How this maps to what ships#

The shipping system follows §3–4 directly: per request, the proxy tokenises the input, looks up the static cost coefficients and the rolling latency / quality estimates, and runs a constant-time argmax over the small set of providers that pass policy filtering. The total work is dominated by the tokeniser; the routing decision itself is a single linear scan.

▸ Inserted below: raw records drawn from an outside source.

lemma transvection_iso:
  assumes p: "prime p" and ne: "(a, b) \<noteq> (a', b')" and ab: "a < n" "b < k a"
    and dvd: "p ^ r a dvd c * p ^ r a'"
  shows "transvection p r a b a' b' c \<in> iso (Gp p r k n) (Gp p r k n)"
proof (rule iso_by_inverse[where g = "transvection p r a b a' b' (c * (p ^ r a - 1))"])
  let ?M = "p ^ r a"
  obtain M' where "?M = Suc M'" using p by (metis gr0_implies_Suc prime_gt_0_nat zero_less_power)
  then have "c + c * (?M - 1) = c * ?M" by simp
  then have "(c + c * (?M - 1)) mod ?M = 0" "(c * (?M - 1) + c) mod ?M = 0"
    by (simp_all add: add.commute)
  then show "\<And>x. x \<in> carrier (Gp p r k n) \<Longrightarrow>
      transvection p r a b a' b' (c * (?M - 1)) (transvection p r a b a' b' c x) = x"
    "\<And>x. x \<in> carrier (Gp p r k n) \<Longrightarrow>
      transvection p r a b a' b' c (transvection p r a b a' b' (c * (?M - 1)) x) = x"
    using transvection_transvection[OF _ ne] by simp_all
  fix x y assume "x \<in> carrier (Gp p r k n)" "y \<in> carrier (Gp p r k n)"
  have "((x a b + y a b) mod ?M + c * ((x a' b' + y a' b') mod p ^ r a')) mod ?M
      = ((x a b + y a b) + c * (x a' b' + y a' b')) mod ?M"
    using mult_mod_absorb[OF dvd] by (metis mod_add_eq mod_mod_trivial)
  also have "\<dots> = ((x a b + c * x a' b') mod ?M + (y a b + c * y a' b') mod ?M) mod ?M"
    by (simp add: mod_add_eq algebra_simps)
  finally show "transvection p r a b a' b' c (x \<otimes>\<^bsub>Gp p r k n\<^esub> y) =
      transvection p r a b a' b' c x \<otimes>\<^bsub>Gp p r k n\<^esub> transvection p r a b a' b' c y"
    unfolding Gp_simps transvection_def by (intro ext) auto
qed (use transvection_carrier[where k = k, OF p ab] in auto)

definition swap_coords :: "nat \<Rightarrow> nat \<Rightarrow> nat \<Rightarrow> (nat \<Rightarrow> nat \<Rightarrow> nat) \<Rightarrow> nat \<Rightarrow> nat \<Rightarrow> nat" where
  "swap_coords a b b' x =
     (\<lambda>i j. if i = a \<and> j = b then x a b' else if i = a \<and> j = b' then x a b else x i j)"

lemma swap_coords_carrier:
  assumes "a < n" "b < k a" "b' < k a" "x \<in> Gp_carrier p r k n"
  shows "swap_coords a b b' x \<in> Gp_carrier p r k n"
  using assms unfolding swap_coords_def Gp_carrier_iff by auto

lemma swap_coords_involution: "swap_coords a b b' (swap_coords a b b' x) = x"
  unfolding swap_coords_def by (intro ext) auto

lemma swap_coords_iso:
  assumes "a < n" "b < k a" "b' < k a"
  shows "swap_coords a b b' \<in> iso (Gp p r k n) (Gp p r k n)"
proof (rule iso_by_inverse[where g = "swap_coords a b b'"])
  fix x y
  show "swap_coords a b b' (x \<otimes>\<^bsub>Gp p r k n\<^esub> y) =
      swap_coords a b b' x \<otimes>\<^bsub>Gp p r k n\<^esub> swap_coords a b b' y"
    unfolding Gp_simps swap_coords_def by (intro ext) auto
qed (use swap_coords_carrier[where k = k and p = p and r = r, OF assms] swap_coords_involution
    in auto)

section \<open>Existence of representatives\<close>

lemma unit_multiple_prime_power:
  fixes p m R :: nat
  assumes p: "prime p" and m: "0 < m" "m < p ^ R"
  shows "\<exists>w s. coprime w p \<and> (w * m) mod p ^ R = p ^ s"
proof -
  have "m \<noteq> 0" "\<not> is_unit p" using m p by auto
  then obtain s u where u: "m = p ^ s * u" "\<not> p dvd u"
    using multiplicity_decompose' by metis
  have "coprime u (p ^ R)"
    using prime_imp_coprime[OF p u(2)] by (simp add: coprime_commute)
  then obtain w where w: "[u * w = 1] (mod p ^ R)"
    using cong_solve_coprime_nat[of u "p ^ R"] by auto
  have "R > 0" using m by (cases R) auto
  moreover have "[w * u = 1] (mod p ^ R)" using w by (simp only: mult.commute)
  then have "coprime w (p ^ R)"
    using coprime_iff_invertible_nat[of w "p ^ R"] by auto
  ultimately have unit: "coprime w p" by simp
  have "(w * m) mod p ^ R = (p ^ s * (u * w)) mod p ^ R"
    by (simp add: u(1) ac_simps)
  also have "\<dots> = p ^ s mod p ^ R"
    using w unfolding cong_def by (metis mod_mult_right_eq mult_1_right)
  also have "\<dots> = p ^ s"
  proof -
    have "p ^ s \<le> m" using u m(1) by (metis dvd_imp_le dvd_triv_left)
    then show ?thesis using m(2) by simp
  qed
  finally show ?thesis using unit by blast
qed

The routing-decision overhead is small relative to the provider call's own latency. Users don't observe it. The interesting engineering is upstream: keeping $\mathbb{E}[L_p]$, $Q_p(r)$, and the verbosity profile up-to-date as traffic and provider behaviour drift — and the operator-facing surface that lets a team set their preferences in the units they actually reason about.

The contribution here is framing. The math is straightforward. The framing — operators want trade-offs in interpretable units — does real work in two places: it makes the routing engine explicable to people who have to defend it to finance and security, and it makes the preference parameters something an operator can reason about over time.

If you're working on any of the open problems above, write to us — [email protected]. The closest prior thinking is in the contextual-bandit and multi-objective-decision-making literatures, particularly for online provider selection where $Q_p(r)$ must be inferred from feedback rather than observed directly.